Hayat öyle yüklenir ki; ne kalmak istersin, ne gitmek.
O durumdayım işte....’
Can Yücel

Kıbrıs sadece bu adada yaşayanların sahip olduğu bir zamanla çalışan, hatta Kıbrıs’a gelenlerin de bir süre sonra Kıbrıs Zamanı diye adlandırdıkları bir hâle dönüşmektedir. Bizler saatleri kullandığımız saatler ve zaman dilimi aynı zamanı gösterdiği hâlde kendimize göre yorumluyoruz. Kendimize göre yaşıyoruz bize verilmiş anları. İçine doğduğumuz yaşadığımız bu adada, değişimin olmadığı hep durağan olan ya da o şekilde yaşamaya alıştığımız bir zaman dilimi. Peki gerçekten de zaman donar mı? Toplumlar değişmez mi? Hani bir deyiş vardır ya sıklıkla kullanılan ‘Bizde böyle. Biz böyle gördük, böyle biliriz’, bu gerçekten doğru mu?

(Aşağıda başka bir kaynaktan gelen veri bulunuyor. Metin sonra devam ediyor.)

lemma lincomb_in_subspace_imp_zero:
  fixes Om :: "('k::field^'n) set"
  assumes Om: "vec.subspace Om" and p: "p \<notin> Om" and x: "x \<notin> vec.span (insert p Om)"
    and comb: "a *s p + b *s x \<in> Om"
  shows "a = 0 \<and> b = 0"
proof -
  have "a *s p + b *s x \<in> vec.span (insert p Om)" using comb by (simp add: vec.span_base)
  moreover have "a *s p \<in> vec.span (insert p Om)" by (simp add: vec.span_base vec.span_scale)
  ultimately have "(a *s p + b *s x) - a *s p \<in> vec.span (insert p Om)" by (rule vec.span_diff)
  then have "b = 0" using x scale_in_subspace_iff[OF vec.subspace_span] by auto
  with comb have "a *s p \<in> Om" by simp
  then have "a = 0" using Om p scale_in_subspace_iff by blast
  with \<open>b = 0\<close> show ?thesis by simp
qed

lemma proj_cone_line_outside_join:
  fixes Om Gam :: "('k::field^'n) set"
  assumes Om: "vec.subspace Om" and Gam: "vec.subspace Gam" and OmGam: "Om \<inter> Gam = {0}"
    and B: "B \<subseteq> points_of Gam"
    and L: "is_line L" "points_of L \<subseteq> proj_cone Om B"
    and p: "p \<in> L" "p \<notin> Om" and x: "x \<in> L" "x \<notin> vec.span (insert p Om)"
  obtains M where "is_line M" "M \<subseteq> Gam" "points_of M \<subseteq> B"
proof -
  have BQ: "is_point Q" "Q \<subseteq> Gam" if "Q \<in> B" for Q using B that by (auto simp: points_of_def)
  have Bs: "vec.subspace Q" if "Q \<in> B" for Q using BQ(1)[OF that] by (simp add: is_point_def psub_def)
  have Ls: "vec.subspace L" using L(1) by (simp add: is_line_def psub_def)
  have GOm: "Gam \<inter> Om = {0}" using OmGam by blast
  have decompose: "\<exists>Q g w. Q \<in> B \<and> g \<in> Q \<and> w \<in> Om \<and> v = g + w" if "v \<in> L" "v \<noteq> 0" for v
  proof -
    have "vec.span {v} \<subseteq> L" using Ls that(1) vec.span_minimal[of "{v}" L] by simp
    then have "vec.span {v} \<in> points_of L"
      using is_point_span_singleton[OF that(2)] by (simp add: points_of_def)
    then have "vec.span {v} \<in> proj_cone Om B" using L(2) by blast
    then show ?thesis using proj_cone_pointE[OF Om Bs] by metis
  qed
  have p0: "p \<noteq> 0" using p(2) vec.subspace_0[OF Om] by blast
  have x0: "x \<noteq> 0" using x(2) vec.span_zero by blast
  obtain gp wp Qp where gp: "Qp \<in> B" "gp \<in> Qp" "wp \<in> Om" "p = gp + wp"
    using decompose[OF p(1) p0] by blast
  obtain gx wx Qx where gx: "Qx \<in> B" "gx \<in> Qx" "wx \<in> Om" "x = gx + wx"
    using decompose[OF x(1) x0] by blast
  have gpx: "gp \<in> Gam" "gx \<in> Gam" using gp gx BQ by auto
  have split: "c *s p + d *s x = (c *s gp + d *s gx) + (c *s wp + d *s wx)" for c d
    unfolding gp(4) gx(4) by (simp add: vec.scale_right_distrib)
  have w: "c *s wp + d *s wx \<in> Om" for c d
    using Om gp(3) gx(3) by (simp add: vec.subspace_add vec.subspace_scale)
  have indep: "c = 0 \<and> d = 0" if "c *s gp + d *s gx = 0" for c d
  proof (rule lincomb_in_subspace_imp_zero[OF Om p(2) x(2)])
    show "c *s p + d *s x \<in> Om" using split[of c d] w[of c d] that by simp
  qed
  have "gx \<noteq> 0" using indep[of 0 1] by auto
  moreover have "gp \<notin> vec.span {gx}"
  proof
    assume "gp \<in> vec.span {gx}"
    then obtain k where "gp = k *s gx" by (auto simp: vec.span_singleton)
    then show False using indep[of 1 "- k"] by simp
  qed
  ultimately have M: "is_line (vec.span {gp, gx})" by (rule is_line_span_pair)
  have MGam: "vec.span {gp, gx} \<subseteq> Gam" using gpx Gam vec.span_minimal[of "{gp, gx}" Gam] by simp
  have "R \<in> B" if R: "R \<in> points_of (vec.span {gp, gx})" for R
  proof -
    obtain r where r: "r \<noteq> 0" "R = vec.span {r}" using R by (auto simp: points_of_def elim: is_pointE)
    have rM: "r \<in> vec.span {gp, gx}" using R r(2) vec.span_base[of r "{r}"] by (auto simp: points_of_def)
    then obtain c d where cd: "r = c *s gp + d *s gx" by (rule in_span_pairE)
    have rGam: "r \<in> Gam" using rM MGam by blast
    have v: "c *s p + d *s x = r + (c *s wp + d *s wx)" using split cd by simp
    have "c *s p + d *s x \<in> L" using Ls p(1) x(1) by (simp add: vec.subspace_add vec.subspace_scale)
    moreover have "c *s p + d *s x \<noteq> 0"
    proof
      assume "c *s p + d *s x = 0"
      then have "r + (c *s wp + d *s wx) = 0 + 0" using v by simp
      with add_eq_add_imp_eq_if_Int_zero[OF Gam Om GOm rGam vec.subspace_0[OF Gam] w vec.subspace_0[OF Om]]
      show False using r(1) by simp
    qed
    ultimately obtain Q g w' where Q: "Q \<in> B" "g \<in> Q" "w' \<in> Om" "c *s p + d *s x = g + w'"
      using decompose by blast
    have "r = g"
      using add_eq_add_imp_eq_if_Int_zero[OF Gam Om GOm rGam _ w Q(3)] BQ(2)[OF Q(1)] Q(2,4) v by auto
    then have "Q = R" using is_point_eq_span[OF BQ(1)[OF Q(1)] Q(2)] r by simp
    with Q(1) show "R \<in> B" by simp
  qed
  with M MGam show thesis by (intro that) auto
qed

lemma line_in_proj_cone_iff:
  fixes Om Gam :: "('k::field^'n) set"
  assumes Om: "vec.subspace Om" and Gam: "vec.subspace Gam" and OmGam: "Om \<inter> Gam = {0}"
    and B: "B \<subseteq> points_of Gam"
    and no_line: "\<not> (\<exists>M. is_line M \<and> M \<subseteq> Gam \<and> points_of M \<subseteq> B)"
    and p: "Q \<in> B" "p \<in> vec.span (Q \<union> Om)" "p \<notin> Om"
    and L: "is_line L" "p \<in> L"
  shows "points_of L \<subseteq> proj_cone Om B \<longleftrightarrow> L \<subseteq> vec.span (insert p Om)"
proof
  assume LK: "points_of L \<subseteq> proj_cone Om B"
  show "L \<subseteq> vec.span (insert p Om)"
  proof
    fix x assume "x \<in> L"
    show "x \<in> vec.span (insert p Om)"
    proof (rule ccontr)
      assume "x \<notin> vec.span (insert p Om)"
      then obtain M where "is_line M" "M \<subseteq> Gam" "points_of M \<subseteq> B"
        using proj_cone_line_outside_join[OF Om Gam OmGam B L(1) LK L(2) p(3) \<open>x \<in> L\<close>] by blast
      with no_line show False by blast
    qed
  qed
next
  assume "L \<subseteq> vec.span (insert p Om)"
  moreover have "vec.span (insert p Om) \<subseteq> vec.span (Q \<union> Om)"
    using p(2) vec.span_minimal[of "insert p Om" "vec.span (Q \<union> Om)"] vec.span_superset[of "Q \<union> Om"]
    by auto
  ultimately have "points_of L \<subseteq> points_of (vec.span (Q \<union> Om))"
    by (auto simp: points_of_def)
  also have "\<dots> \<subseteq> proj_cone Om B"
    unfolding proj_cone_def using p(1) by (rule UN_upper)
  finally show "points_of L \<subseteq> proj_cone Om B" .
qed

theorem lemma5p9:
  fixes Omega Gam :: "('k::{field,finite} ^ 'n) set"
    and B :: "('k ^ 'n) set set"
    and t :: nat
  assumes "t \<ge> 1"
    and "psub Omega (t - 1)"
    and "psub Gam 3"
    and "Omega \<inter> Gam = {0}"
    and "minimal_blocking_set Gam B"
    and "nontrivial_blocking_set Gam B"
    and "P \<in> proj_cone Omega B"
    and "\<not> P \<subseteq> Omega"
  shows "card {L. is_line L \<and> P \<subseteq> L \<and> points_of L \<subseteq> proj_cone Omega B}
           = (CARD('k) ^ (t - 1) - 1) div (CARD('k) - 1)"
proof -
  have Om: "vec.subspace Omega" "vec.dim Omega = t - 1" and Gam: "vec.subspace Gam"
    using assms(2,3) by (auto simp: psub_def)
  have B: "B \<subseteq> points_of Gam" using assms(5) by (simp add: minimal_blocking_set_def blocking_set_def)
  have no_line: "\<not> (\<exists>M. is_line M \<and> M \<subseteq> Gam \<and> points_of M \<subseteq> B)"
    using assms(6) by (simp add: nontrivial_blocking_set_def)
  obtain Q where Q: "Q \<in> B" "P \<in> points_of (vec.span (Q \<union> Omega))"
    using assms(7) by (auto simp: proj_cone_def)
  then obtain p where p: "p \<noteq> 0" "P = vec.span {p}" by (auto simp: points_of_def elim: is_pointE)
  have "p \<in> P" using p(2) vec.span_base by blast
  then have "p \<in> vec.span (Q \<union> Omega)" using Q(2) by (auto simp: points_of_def)
  have "p \<notin> Omega" using p(2) assms(8) vec.span_minimal[of "{p}" Omega] Om(1) by auto
  have "P \<subseteq> L \<longleftrightarrow> p \<in> L" if "is_line L" for L
    using that p(2) vec.span_minimal[of "{p}" L] \<open>p \<in> P\<close> by (auto simp: is_line_def psub_def)
  then have "{L. is_line L \<and> P \<subseteq> L \<and> points_of L \<subseteq> proj_cone Omega B}
      = {L. is_line L \<and> p \<in> L \<and> L \<subseteq> vec.span (insert p Omega)}"
    using line_in_proj_cone_iff[OF Om(1) Gam assms(4) B no_line Q(1) \<open>p \<in> vec.span (Q \<union> Omega)\<close>
        \<open>p \<notin> Omega\<close>]
    by blast
  with \<open>p \<notin> Omega\<close> show ?thesis
    using card_lines_through_in_join[OF Om(1)] card_points_of[OF Om(1)] Om(2) by simp
qed

end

Toplumsal değişim olmaz mı? İçinde yaşadığımız toplum, kültür, değerler, doğrular, adetler, inançlar ve önyargılar değişmez midir? Cevap: Toplumsal değişim kaçınılmazdır ve toplumsal değişim zamanın farklı işlediği bu adada da yine kendi hızıyla ve kendi bildiği şekilde gerçekleşir. Bazen tepeden inme, bazen fikir birliği ile bazen farkında olmadan bazen de sadece sayıları bir elin parmağını geçmeyen koca yürekli insanların bitmez enerjisi ile. Ama değişim kaçınılmazdır ve eninde sonunda toplumsal değişim gerçekleşir.

Peki değişim nedir?

Değişim; önceki durum ve koşullara göre gerçekleşen başkalaşma ve farklılaşma olarak tanımlanır. Buna bağlı olarak, toplumsal değişimi ise toplumsal yapı ve toplumsal yapıyı oluşturan unsurlarda meydana gelen değişimler olarak tanımlamak mümkündür.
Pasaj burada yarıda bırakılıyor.